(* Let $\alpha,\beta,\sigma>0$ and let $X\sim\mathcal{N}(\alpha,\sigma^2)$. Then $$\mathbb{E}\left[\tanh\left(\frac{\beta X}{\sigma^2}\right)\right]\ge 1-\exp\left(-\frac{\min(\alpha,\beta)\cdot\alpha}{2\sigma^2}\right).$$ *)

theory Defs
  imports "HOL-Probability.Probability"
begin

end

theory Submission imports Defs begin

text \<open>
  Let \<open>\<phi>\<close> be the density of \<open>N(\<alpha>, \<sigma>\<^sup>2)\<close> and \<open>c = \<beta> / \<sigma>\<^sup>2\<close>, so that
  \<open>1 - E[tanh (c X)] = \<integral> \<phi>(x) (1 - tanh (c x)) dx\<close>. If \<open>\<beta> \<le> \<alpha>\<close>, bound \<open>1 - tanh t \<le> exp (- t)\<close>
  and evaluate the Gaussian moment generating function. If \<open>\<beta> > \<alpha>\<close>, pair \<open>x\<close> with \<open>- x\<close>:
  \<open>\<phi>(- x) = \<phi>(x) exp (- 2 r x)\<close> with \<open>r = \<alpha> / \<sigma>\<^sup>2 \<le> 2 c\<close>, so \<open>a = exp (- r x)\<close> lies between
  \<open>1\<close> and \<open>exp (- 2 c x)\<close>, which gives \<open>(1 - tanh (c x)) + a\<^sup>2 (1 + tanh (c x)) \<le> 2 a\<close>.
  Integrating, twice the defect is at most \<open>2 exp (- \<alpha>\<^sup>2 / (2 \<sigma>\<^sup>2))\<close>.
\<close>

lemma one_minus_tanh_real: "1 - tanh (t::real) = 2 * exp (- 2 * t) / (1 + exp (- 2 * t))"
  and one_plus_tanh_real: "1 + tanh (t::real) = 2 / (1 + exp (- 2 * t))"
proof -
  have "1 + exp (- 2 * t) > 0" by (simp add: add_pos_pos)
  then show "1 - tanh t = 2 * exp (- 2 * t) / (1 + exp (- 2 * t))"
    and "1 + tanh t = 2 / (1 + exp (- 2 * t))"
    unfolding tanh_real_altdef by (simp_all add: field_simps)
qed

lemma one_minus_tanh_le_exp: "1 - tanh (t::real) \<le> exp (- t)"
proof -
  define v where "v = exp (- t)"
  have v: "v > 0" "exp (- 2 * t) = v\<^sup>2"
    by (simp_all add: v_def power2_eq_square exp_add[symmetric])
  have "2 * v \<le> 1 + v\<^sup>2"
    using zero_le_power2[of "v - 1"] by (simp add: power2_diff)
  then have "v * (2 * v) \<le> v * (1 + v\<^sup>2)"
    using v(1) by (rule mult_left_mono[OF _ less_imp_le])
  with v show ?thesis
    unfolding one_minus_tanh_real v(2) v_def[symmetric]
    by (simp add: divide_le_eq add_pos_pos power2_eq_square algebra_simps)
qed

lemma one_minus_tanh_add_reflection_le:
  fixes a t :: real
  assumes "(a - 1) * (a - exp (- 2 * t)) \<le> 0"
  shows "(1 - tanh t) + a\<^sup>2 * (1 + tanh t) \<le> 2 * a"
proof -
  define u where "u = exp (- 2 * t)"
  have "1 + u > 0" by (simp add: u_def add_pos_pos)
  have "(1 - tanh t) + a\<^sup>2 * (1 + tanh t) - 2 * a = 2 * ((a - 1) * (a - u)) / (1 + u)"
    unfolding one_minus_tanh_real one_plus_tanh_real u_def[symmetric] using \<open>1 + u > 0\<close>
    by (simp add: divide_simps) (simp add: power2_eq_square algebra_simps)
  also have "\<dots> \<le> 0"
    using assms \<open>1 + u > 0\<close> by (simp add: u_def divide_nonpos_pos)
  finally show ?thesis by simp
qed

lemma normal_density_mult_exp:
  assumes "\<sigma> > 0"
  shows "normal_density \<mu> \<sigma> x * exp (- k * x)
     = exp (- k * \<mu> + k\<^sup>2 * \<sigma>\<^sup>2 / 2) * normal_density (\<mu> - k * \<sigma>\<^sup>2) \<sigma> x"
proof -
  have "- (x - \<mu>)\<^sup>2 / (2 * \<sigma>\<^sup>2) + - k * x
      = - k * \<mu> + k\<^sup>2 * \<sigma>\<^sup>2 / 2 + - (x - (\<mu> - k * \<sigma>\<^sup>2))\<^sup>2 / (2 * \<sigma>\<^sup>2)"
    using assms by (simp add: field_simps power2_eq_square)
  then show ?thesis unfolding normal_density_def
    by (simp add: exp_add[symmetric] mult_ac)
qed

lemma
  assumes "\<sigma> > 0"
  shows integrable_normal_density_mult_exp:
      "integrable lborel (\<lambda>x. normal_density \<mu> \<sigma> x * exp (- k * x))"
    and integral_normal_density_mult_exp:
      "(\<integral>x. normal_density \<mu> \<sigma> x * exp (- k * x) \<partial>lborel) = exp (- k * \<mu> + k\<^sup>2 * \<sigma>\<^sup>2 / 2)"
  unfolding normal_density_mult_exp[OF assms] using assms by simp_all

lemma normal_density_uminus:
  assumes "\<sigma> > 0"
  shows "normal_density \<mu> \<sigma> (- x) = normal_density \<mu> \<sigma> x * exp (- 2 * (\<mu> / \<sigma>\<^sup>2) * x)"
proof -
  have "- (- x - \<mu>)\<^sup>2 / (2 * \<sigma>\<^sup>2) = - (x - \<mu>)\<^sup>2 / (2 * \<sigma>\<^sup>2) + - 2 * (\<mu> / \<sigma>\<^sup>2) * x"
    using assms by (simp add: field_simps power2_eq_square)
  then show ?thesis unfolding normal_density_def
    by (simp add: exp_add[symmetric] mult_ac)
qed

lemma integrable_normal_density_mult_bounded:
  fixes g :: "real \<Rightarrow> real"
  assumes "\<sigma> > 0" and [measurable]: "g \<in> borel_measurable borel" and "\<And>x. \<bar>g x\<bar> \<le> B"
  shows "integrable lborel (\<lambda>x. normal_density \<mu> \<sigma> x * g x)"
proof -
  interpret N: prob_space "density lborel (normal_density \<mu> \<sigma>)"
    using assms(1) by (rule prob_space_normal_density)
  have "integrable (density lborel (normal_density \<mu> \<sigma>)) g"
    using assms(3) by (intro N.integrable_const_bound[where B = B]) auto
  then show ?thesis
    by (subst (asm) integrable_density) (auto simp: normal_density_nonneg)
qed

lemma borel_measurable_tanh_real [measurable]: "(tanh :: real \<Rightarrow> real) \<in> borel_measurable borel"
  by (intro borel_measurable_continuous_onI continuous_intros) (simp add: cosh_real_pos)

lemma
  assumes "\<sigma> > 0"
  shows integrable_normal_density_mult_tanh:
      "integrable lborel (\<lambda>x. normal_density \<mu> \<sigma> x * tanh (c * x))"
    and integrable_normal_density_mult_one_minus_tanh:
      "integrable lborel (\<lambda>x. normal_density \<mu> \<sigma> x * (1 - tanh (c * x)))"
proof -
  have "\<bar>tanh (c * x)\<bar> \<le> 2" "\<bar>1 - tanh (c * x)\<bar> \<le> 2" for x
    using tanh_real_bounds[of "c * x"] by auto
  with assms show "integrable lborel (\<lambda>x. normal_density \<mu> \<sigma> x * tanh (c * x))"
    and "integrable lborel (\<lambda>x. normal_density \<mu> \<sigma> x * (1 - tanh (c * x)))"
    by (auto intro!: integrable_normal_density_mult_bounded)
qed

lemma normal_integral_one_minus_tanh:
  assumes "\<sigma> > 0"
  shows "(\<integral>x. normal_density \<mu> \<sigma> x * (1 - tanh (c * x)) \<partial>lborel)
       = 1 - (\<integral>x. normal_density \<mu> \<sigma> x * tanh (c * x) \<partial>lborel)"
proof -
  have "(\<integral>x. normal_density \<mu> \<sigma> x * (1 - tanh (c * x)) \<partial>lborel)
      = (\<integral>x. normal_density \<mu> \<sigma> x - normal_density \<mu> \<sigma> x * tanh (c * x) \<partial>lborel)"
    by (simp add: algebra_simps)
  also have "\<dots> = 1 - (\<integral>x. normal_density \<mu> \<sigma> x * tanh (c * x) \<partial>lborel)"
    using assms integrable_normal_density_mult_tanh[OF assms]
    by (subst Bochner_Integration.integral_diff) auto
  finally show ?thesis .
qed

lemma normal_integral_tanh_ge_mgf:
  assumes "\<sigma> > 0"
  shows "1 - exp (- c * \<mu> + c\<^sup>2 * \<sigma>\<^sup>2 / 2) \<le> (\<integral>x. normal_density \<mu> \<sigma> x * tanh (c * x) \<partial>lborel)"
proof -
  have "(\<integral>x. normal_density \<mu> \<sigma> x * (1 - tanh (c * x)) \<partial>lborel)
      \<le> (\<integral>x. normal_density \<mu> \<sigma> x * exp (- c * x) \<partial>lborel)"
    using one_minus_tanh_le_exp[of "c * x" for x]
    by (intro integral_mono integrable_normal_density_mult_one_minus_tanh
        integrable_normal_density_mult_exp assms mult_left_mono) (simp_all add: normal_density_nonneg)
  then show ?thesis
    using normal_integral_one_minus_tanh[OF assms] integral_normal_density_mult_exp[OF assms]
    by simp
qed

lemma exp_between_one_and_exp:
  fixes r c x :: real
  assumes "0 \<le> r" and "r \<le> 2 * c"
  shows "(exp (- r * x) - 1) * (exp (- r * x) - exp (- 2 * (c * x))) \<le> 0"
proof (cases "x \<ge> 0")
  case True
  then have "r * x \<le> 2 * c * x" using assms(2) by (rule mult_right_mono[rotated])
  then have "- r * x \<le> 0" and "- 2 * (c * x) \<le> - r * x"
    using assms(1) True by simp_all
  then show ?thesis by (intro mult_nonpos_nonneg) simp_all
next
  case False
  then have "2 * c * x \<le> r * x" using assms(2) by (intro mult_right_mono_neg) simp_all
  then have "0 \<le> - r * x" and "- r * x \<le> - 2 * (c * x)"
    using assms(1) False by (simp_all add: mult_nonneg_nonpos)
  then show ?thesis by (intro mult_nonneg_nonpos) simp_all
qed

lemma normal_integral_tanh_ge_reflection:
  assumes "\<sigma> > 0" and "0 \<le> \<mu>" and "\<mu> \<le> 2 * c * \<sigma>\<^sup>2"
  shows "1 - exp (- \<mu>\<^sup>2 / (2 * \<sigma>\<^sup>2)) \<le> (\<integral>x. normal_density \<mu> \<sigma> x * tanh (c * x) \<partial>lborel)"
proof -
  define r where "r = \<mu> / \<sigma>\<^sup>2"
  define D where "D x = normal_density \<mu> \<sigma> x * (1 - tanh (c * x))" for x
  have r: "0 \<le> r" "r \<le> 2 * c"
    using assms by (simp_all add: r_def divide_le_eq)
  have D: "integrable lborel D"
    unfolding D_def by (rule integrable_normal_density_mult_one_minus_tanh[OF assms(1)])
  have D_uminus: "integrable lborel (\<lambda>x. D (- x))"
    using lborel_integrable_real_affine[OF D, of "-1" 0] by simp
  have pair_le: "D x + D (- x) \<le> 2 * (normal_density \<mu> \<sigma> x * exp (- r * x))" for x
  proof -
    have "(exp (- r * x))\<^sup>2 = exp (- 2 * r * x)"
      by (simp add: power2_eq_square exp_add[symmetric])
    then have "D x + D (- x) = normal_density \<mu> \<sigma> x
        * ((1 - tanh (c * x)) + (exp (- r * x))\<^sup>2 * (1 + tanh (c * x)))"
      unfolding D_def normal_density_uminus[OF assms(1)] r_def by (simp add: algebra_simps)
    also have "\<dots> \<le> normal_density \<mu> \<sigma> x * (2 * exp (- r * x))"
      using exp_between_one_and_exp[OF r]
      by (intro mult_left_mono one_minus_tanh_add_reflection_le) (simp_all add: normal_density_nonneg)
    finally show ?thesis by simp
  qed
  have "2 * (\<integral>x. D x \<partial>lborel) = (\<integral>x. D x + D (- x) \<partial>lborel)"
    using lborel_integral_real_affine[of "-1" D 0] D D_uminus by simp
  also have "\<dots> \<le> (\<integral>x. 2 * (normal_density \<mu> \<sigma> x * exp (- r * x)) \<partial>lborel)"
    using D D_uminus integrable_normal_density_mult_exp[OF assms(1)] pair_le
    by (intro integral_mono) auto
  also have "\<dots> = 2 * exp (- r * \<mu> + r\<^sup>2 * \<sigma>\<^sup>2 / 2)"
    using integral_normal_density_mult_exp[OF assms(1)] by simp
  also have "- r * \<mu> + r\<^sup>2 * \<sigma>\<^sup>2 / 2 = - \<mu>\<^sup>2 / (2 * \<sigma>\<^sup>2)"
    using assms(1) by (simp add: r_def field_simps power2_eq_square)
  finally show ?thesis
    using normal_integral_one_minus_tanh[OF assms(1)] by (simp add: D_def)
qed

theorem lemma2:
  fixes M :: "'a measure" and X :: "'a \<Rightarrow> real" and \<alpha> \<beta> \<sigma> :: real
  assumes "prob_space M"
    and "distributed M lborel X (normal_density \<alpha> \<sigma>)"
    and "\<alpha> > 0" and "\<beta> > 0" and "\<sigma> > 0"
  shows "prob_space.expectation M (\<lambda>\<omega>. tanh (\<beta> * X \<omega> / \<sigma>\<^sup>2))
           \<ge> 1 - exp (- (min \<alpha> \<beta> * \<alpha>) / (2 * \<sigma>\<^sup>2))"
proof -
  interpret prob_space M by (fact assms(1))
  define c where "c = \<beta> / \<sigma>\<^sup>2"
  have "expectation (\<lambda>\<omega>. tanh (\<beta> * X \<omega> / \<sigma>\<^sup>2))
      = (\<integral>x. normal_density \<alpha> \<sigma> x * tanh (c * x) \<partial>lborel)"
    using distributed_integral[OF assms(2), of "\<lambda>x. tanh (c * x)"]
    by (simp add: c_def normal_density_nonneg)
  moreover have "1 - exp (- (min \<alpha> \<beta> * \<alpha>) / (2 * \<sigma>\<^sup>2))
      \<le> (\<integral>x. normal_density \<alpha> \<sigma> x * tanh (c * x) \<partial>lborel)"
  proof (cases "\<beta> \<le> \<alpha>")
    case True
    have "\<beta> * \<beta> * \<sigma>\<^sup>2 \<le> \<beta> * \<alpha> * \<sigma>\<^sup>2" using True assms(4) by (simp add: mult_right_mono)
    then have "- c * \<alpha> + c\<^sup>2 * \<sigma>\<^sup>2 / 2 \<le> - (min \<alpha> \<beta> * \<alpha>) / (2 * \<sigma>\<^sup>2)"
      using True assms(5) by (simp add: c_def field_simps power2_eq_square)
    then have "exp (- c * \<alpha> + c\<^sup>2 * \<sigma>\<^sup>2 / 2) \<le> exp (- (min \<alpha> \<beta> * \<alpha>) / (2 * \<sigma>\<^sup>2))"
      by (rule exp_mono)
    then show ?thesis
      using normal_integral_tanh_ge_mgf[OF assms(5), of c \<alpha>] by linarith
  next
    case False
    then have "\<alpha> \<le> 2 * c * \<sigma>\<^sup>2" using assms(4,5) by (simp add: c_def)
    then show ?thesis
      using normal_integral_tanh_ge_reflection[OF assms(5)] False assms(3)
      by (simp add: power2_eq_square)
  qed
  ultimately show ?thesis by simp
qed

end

########

▶ [What you should do] For the string "theory", search the preceding data and copy every line that includes it.

▶ [Task response]
theory Defs
theory Submission imports Defs begin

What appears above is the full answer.